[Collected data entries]
lemma reachable_subset_final:
  assumes "proper_cups Cf" "\<nexists>C'. cup_step n k is trow brow Cf C'"
  shows "(cup_step n k is trow brow)\<^sup>*\<^sup>* {} C \<Longrightarrow> C \<subseteq> Cf"
proof (induction rule: rtranclp_induct)
  case (step C C')
  then obtain i j where "joinable C i j" "C' = insert (i, j) C"
    by (auto simp: cup_step_iff)
  then show ?case
    using joinable_mem_final[OF assms(1) proper_cups_reachable[OF step.hyps(1)] step.IH _ assms(2)]
      step.IH by simp
qed simp

lemma final_cups_proper: "final_cups n k is trow brow C \<Longrightarrow> proper_cups C"
  unfolding final_cups_def using proper_cups_reachable by blast

lemma final_cups_unique:
  assumes "final_cups n k is trow brow C" "final_cups n k is trow brow C'"
  shows "C = C'"
  using assms reachable_subset_final[OF final_cups_proper] unfolding final_cups_def
  by (metis subset_antisym)

lemma is_cup_iff:
  assumes "final_cups n k is trow brow C"
  shows "is_cup n k is trow brow i j \<longleftrightarrow> (i, j) \<in> C"
  using assms final_cups_unique unfolding is_cup_def by blast

end

locale standard_tableau = cup_construction +
  assumes std: "std_tableau n k is trow brow"
begin

abbreviation arcs :: "arc set" where
  "arcs \<equiv> dep_arcs n k is trow brow"

lemma type_strictly_sorted: "sorted_wrt (<) is"
  using std by (simp add: std_tableau_def type_seq_def)

lemma double_entry_label:
  assumes "double_entry is x"
  shows "label (int x) = Cross" "label (int x - 1) = Cross"
proof -
  have "2 \<le> x"
    using assms unfolding double_entry_def by auto
  moreover have "nat (int x - 1) + 1 = x"
    using \<open>2 \<le> x\<close> by simp
  ultimately show "label (int x) = Cross" "label (int x - 1) = Cross"
    using assms by (auto simp: ext_weight_def weight_def)
qed

lemma label_Cross_iff:
  assumes "p \<le> int n"
  shows "label p = Cross \<longleftrightarrow> (\<exists>x. double_entry is x \<and> (p = int x \<or> p = int x - 1))"
proof
  assume cross: "label p = Cross"
  then have "0 < p"
    using label_nonpos[of p] by (cases "0 < p") auto
  then have "double_entry is (nat p) \<or> double_entry is (nat p + 1)"
    using cross assms cross_weight_double_entry[OF std, of "nat p"] by (simp add: ext_weight_def)
  then show "\<exists>x. double_entry is x \<and> (p = int x \<or> p = int x - 1)"
  proof
    assume "double_entry is (nat p)"
    then show ?thesis
      using \<open>0 < p\<close> by (intro exI[of _ "nat p"]) simp
  next
    assume "double_entry is (nat p + 1)"
    then show ?thesis
      using \<open>0 < p\<close> by (intro exI[of _ "nat p + 1"]) simp
  qed
qed (use double_entry_label in blast)
(* Let $X$ be the dihedral quandle $R_n$. (1) If $n$ is odd, the identity map is the only good involution of $X$. (2) If $n=2m$ with $m$ odd, a good involution of $X$ is either the identity map or the antipodal map. (3) If $n=2m$ with $m$ even, there are exactly four good involutions: the identity map, the antipodal map and the two half-antipodal maps.
   Context: A quandle is a set $X$ with a binary operation $(x,y)\mapsto x^y$ such that $x^x=x$; for all $x,y$ there is a unique $z$ with $z^y=x$ (written $x^{y^{-1}}$); and $(x^y)^z=(x^z)^{(y^z)}$. A good involution of $X$ is a map $\rho:X\to X$ with $\rho\circ\rho={\rm id}$, $\rho(x^y)=\rho(x)^y$ and $x^{\rho(y)}=x^{y^{-1}}$ for all $x,y$. The dihedral quandle $R_n$ is $\mathbb{Z}/n\mathbb{Z}$ with $x^y=2y-x \pmod n$. For $n=2m$, the antipodal map is $i\mapsto i+m$. For $n=2m$ with $m$ even, the half-antipodal maps are $\rho_1$ with $\rho_1(i)=i$ for odd $i$ and $\rho_1(i)=i+m$ for even $i$, and $\rho_2$ with $\rho_2(i)=i+m$ for odd $i$ and $\rho_2(i)=i$ for even $i$ (parity is well defined since $n$ is even). *)

theory Defs
  imports Main
begin

definition quandle :: "'a set \<Rightarrow> ('a \<Rightarrow> 'a \<Rightarrow> 'a) \<Rightarrow> bool" where
  "quandle X op \<longleftrightarrow>
     (\<forall>x\<in>X. \<forall>y\<in>X. op x y \<in> X) \<and>
     (\<forall>x\<in>X. op x x = x) \<and>
     (\<forall>x\<in>X. \<forall>y\<in>X. \<exists>!z. z \<in> X \<and> op z y = x) \<and>
     (\<forall>x\<in>X. \<forall>y\<in>X. \<forall>z\<in>X. op (op x y) z = op (op x z) (op y z))"
(* Let $\{\alpha_k\}_{k=0}^n$ be arbitrary nonzero real numbers with $n\ge1$. Then there exist $b>0$, $\zeta\in\mathbb{R}$, and a $\sigma\in\Sigma_{1,b}$ such that $(\zeta,\{(\alpha_k,1,k)\}_{k=0}^n)$ is an affine symmetry of $\sigma$.
   Context: For $a,b>0$, $\Sigma_{a,b}$ is the class of meromorphic functions on $\mathbb{C}$ of the form $\sigma(z)=C+\sum_{k\in\mathbb{Z}}c_k[\mathrm{sgn}(k)+\tanh(\pi b^{-1}(z-ka))]$ with $C\in\mathbb{C}$, $\{c_k\}\subset\mathbb{C}$, $\sup_k|c_k|e^{-\pi a'|k|/b}<\infty$ for some $a'\in(0,a)$, at least one $c_k\ne0$, and $\mathrm{sgn}(0)=0$. An affine symmetry of $\sigma$ (viewed as a function on $\mathbb{R}$) is $(\zeta,\{(\alpha_s,\beta_s,\gamma_s)\}_{s\in\mathcal{I}})$ with $\mathcal{I}$ nonempty finite, real entries, such that $\sum_s\alpha_s\sigma(\beta_st+\gamma_s)=\zeta$ for all $t\in\mathbb{R}$, and there is no proper subset $\mathcal{I}'\subsetneq\mathcal{I}$ for which $\{\sigma(\beta_s\cdot+\gamma_s):s\in\mathcal{I}'\}\cup\{\mathbf1\}$ is linearly dependent as functions $\mathbb{R}\to\mathbb{C}$. *)

theory Defs
  imports "HOL-Analysis.Analysis"
begin
(* Every vertex has a level, the subdivision step in which it is created. Levels separate
   the vertices of a face of K_n from those inserted when the face is subdivided, so one
   subdivision step can be analysed face by face. By induction on n, a vertex of K_n lies in
   at most 36 faces and two distinct vertices lie in at most 6 common faces. Since rho embeds
   K_n into K_(n+1), the vertex bound passes to the direct limit K, so the vertices within
   edge distance k of a vertex number at most 181^k. A patch of edge-diameter less than r is
   connected and therefore lies in such a ball; numbering its vertices turns it into a set of
   words of length 5 over a fixed finite alphabet, and patches with equal codes are isomorphic. *)

theory Submission
  imports Defs
begin

section \<open>Levels and a single subdivision step\<close>

primrec level :: "vx \<Rightarrow> nat" where
  "level (Base i) = 0"
| "level (Mid S) = Suc (Max (insert 0 (fset (fimage level S))))"
| "level (Cen L i) = Suc (Max (insert 0 (set (map level L))))"

lemma omega_face_explicit:
  "omega_face [a0,a1,a2,a3,a4] =
    (let m = \<lambda>x y. Mid {|x,y|}; c = Cen [a0,a1,a2,a3,a4] in
    {[c 0, c 1, c 2, c 3, c 4],
     [a0, m a0 a1, c 0, c 4, m a4 a0],
     [a1, m a1 a2, c 1, c 0, m a0 a1],
     [a2, m a2 a3, c 2, c 1, m a1 a2],
     [a3, m a3 a4, c 3, c 2, m a2 a3],
     [a4, m a4 a0, c 4, c 3, m a3 a4]})"
proof -
  have "{0..<5::nat} = {0,1,2,3,4}" "[0..<5] = [0,1,2,3,4::nat]" by (auto simp: upt_rec)
  then show ?thesis unfolding omega_face_def Let_def by simp
qed

(* The invariant of the faces of K_n: their vertices have level at most n and every edge has an
   endpoint of level exactly n, so all vertices inserted by subdividing the face have level n + 1. *)
definition good :: "nat \<Rightarrow> vx list \<Rightarrow> bool" where
  "good n F \<longleftrightarrow> length F = 5 \<and> distinct F \<and> (\<forall>v\<in>set F. level v \<le> n) \<and>
      (\<forall>i<5. max (level (F ! i)) (level (F ! (Suc i mod 5))) = n)"

lemma good_explicit:
  "good n [a0,a1,a2,a3,a4] \<longleftrightarrow> distinct [a0,a1,a2,a3,a4] \<and>
     level a0 \<le> n \<and> level a1 \<le> n \<and> level a2 \<le> n \<and> level a3 \<le> n \<and> level a4 \<le> n \<and>
     max (level a0) (level a1) = n \<and> max (level a1) (level a2) = n \<and> max (level a2) (level a3) = n \<and>
     max (level a3) (level a4) = n \<and> max (level a4) (level a0) = n"
proof -
  have all_less_5: "(\<forall>i::nat<5. P i) \<longleftrightarrow> P 0 \<and> P 1 \<and> P 2 \<and> P 3 \<and> P 4" for P
    by (auto simp: less_Suc_eq numeral_eq_Suc)
  show ?thesis unfolding good_def all_less_5 by auto
qed

lemma length_5_cases:
  assumes "length G = 5"
  obtains a0 a1 a2 a3 a4 where "G = [a0,a1,a2,a3,a4]"
  using assms by (auto simp: numeral_eq_Suc length_Suc_conv)

lemma good_length: "good n G \<Longrightarrow> length G = 5"
  by (simp add: good_def)

lemma good_cases [consumes 1, case_names pentagon]:
  assumes "good n G"
  obtains a0 a1 a2 a3 a4 where "G = [a0,a1,a2,a3,a4]" "good n [a0,a1,a2,a3,a4]"
  using assms length_5_cases[OF good_length[OF assms]] by metis

lemma fdoubleton_eq_iff:
  "{|a,b|} = {|c,d|} \<longleftrightarrow> a = c \<and> b = d \<or> a = d \<and> b = c"
proof -
  have "{|a,b|} = {|c,d|} \<longleftrightarrow> {a,b} = {c,d}"
    by (metis fset_inject finsert.rep_eq bot_fset.rep_eq)
  then show ?thesis by (simp add: doubleton_eq_iff)
qed

definition mids :: "vx list \<Rightarrow> vx set" where
  "mids G = (\<lambda>k. Mid {|G ! k, G ! (Suc k mod 5)|}) ` {..<5}"

definition cens :: "vx list \<Rightarrow> vx set" where
  "cens G = Cen G ` {..<5}"

lemma mids_explicit:
  "mids [a0,a1,a2,a3,a4] = {Mid {|a0,a1|}, Mid {|a1,a2|}, Mid {|a2,a3|}, Mid {|a3,a4|}, Mid {|a4,a0|}}"
  and cens_explicit: "cens G = {Cen G 0, Cen G 1, Cen G 2, Cen G 3, Cen G 4}"
proof -
  have "{..<5::nat} = {0,1,2,3,4}" by auto
  then show "mids [a0,a1,a2,a3,a4] = {Mid {|a0,a1|}, Mid {|a1,a2|}, Mid {|a2,a3|}, Mid {|a3,a4|}, Mid {|a4,a0|}}"
    and "cens G = {Cen G 0, Cen G 1, Cen G 2, Cen G 3, Cen G 4}"
    unfolding mids_def cens_def by simp_all
qed

lemma good_level_old: "good n G \<Longrightarrow> v \<in> set G \<Longrightarrow> level v \<le> n"
  by (simp add: good_def)

lemma good_level_new:
  assumes "good n G" "v \<in> mids G \<union> cens G"
  shows "level v = Suc n"
  using assms
proof (cases rule: good_cases)
  case (pentagon a0 a1 a2 a3 a4)
  then have "Max (insert 0 (level ` set G)) = n"
    by (intro Max_eqI) (auto simp: good_explicit max_def split: if_splits)
  moreover have "max (level a0) (level a1) = n" "max (level a1) (level a2) = n"
    "max (level a2) (level a3) = n" "max (level a3) (level a4) = n" "max (level a4) (level a0) = n"
    using pentagon by (simp_all add: good_explicit)
  ultimately show ?thesis
    using assms(2) unfolding pentagon(1) mids_explicit cens_explicit
    by (elim UnE insertE emptyE) simp_all
qed

lemma good_distinct_vertices:
  assumes "good n [a0,a1,a2,a3,a4]"
  shows "distinct [a0, a1, a2, a3, a4,
      Mid {|a0,a1|}, Mid {|a1,a2|}, Mid {|a2,a3|}, Mid {|a3,a4|}, Mid {|a4,a0|},
      Cen [a0,a1,a2,a3,a4] 0, Cen [a0,a1,a2,a3,a4] 1, Cen [a0,a1,a2,a3,a4] 2,
      Cen [a0,a1,a2,a3,a4] 3, Cen [a0,a1,a2,a3,a4] 4]"
proof -
  let ?G = "[a0,a1,a2,a3,a4]"
  let ?M = "[Mid {|a0,a1|}, Mid {|a1,a2|}, Mid {|a2,a3|}, Mid {|a3,a4|}, Mid {|a4,a0|}]"
  let ?C = "map (Cen ?G) [0,1,2,3,4]"
  have dG: "distinct ?G" using assms by (simp add: good_explicit)
  then have dM: "distinct ?M" by (auto simp: fdoubleton_eq_iff)
  have "set (?M @ ?C) = mids ?G \<union> cens ?G" by (auto simp: mids_explicit cens_explicit)
  then have "set ?G \<inter> set (?M @ ?C) = {}"
    using good_level_old[OF assms] good_level_new[OF assms] by fastforce
  moreover have "set ?M \<inter> set ?C = {}" "distinct ?C" by auto
  ultimately have "distinct (?G @ ?M @ ?C)" using dG dM by (simp only: distinct_append)
  then show ?thesis by simp
qed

• [Task description] From the entries above, write out only the lines starting at the line that holds "using assms reachable_subset_final[OF" and ending at the line that holds "(int x - 1) +", keeping both and matching them exactly.

• [Task answer]
  using assms reachable_subset_final[OF final_cups_proper] unfolding final_cups_def
  by (metis subset_antisym)

lemma is_cup_iff:
  assumes "final_cups n k is trow brow C"
  shows "is_cup n k is trow brow i j \<longleftrightarrow> (i, j) \<in> C"
  using assms final_cups_unique unfolding is_cup_def by blast

end

locale standard_tableau = cup_construction +
  assumes std: "std_tableau n k is trow brow"
begin

abbreviation arcs :: "arc set" where
  "arcs \<equiv> dep_arcs n k is trow brow"

lemma type_strictly_sorted: "sorted_wrt (<) is"
  using std by (simp add: std_tableau_def type_seq_def)

lemma double_entry_label:
  assumes "double_entry is x"
  shows "label (int x) = Cross" "label (int x - 1) = Cross"
proof -
  have "2 \<le> x"
    using assms unfolding double_entry_def by auto
  moreover have "nat (int x - 1) + 1 = x"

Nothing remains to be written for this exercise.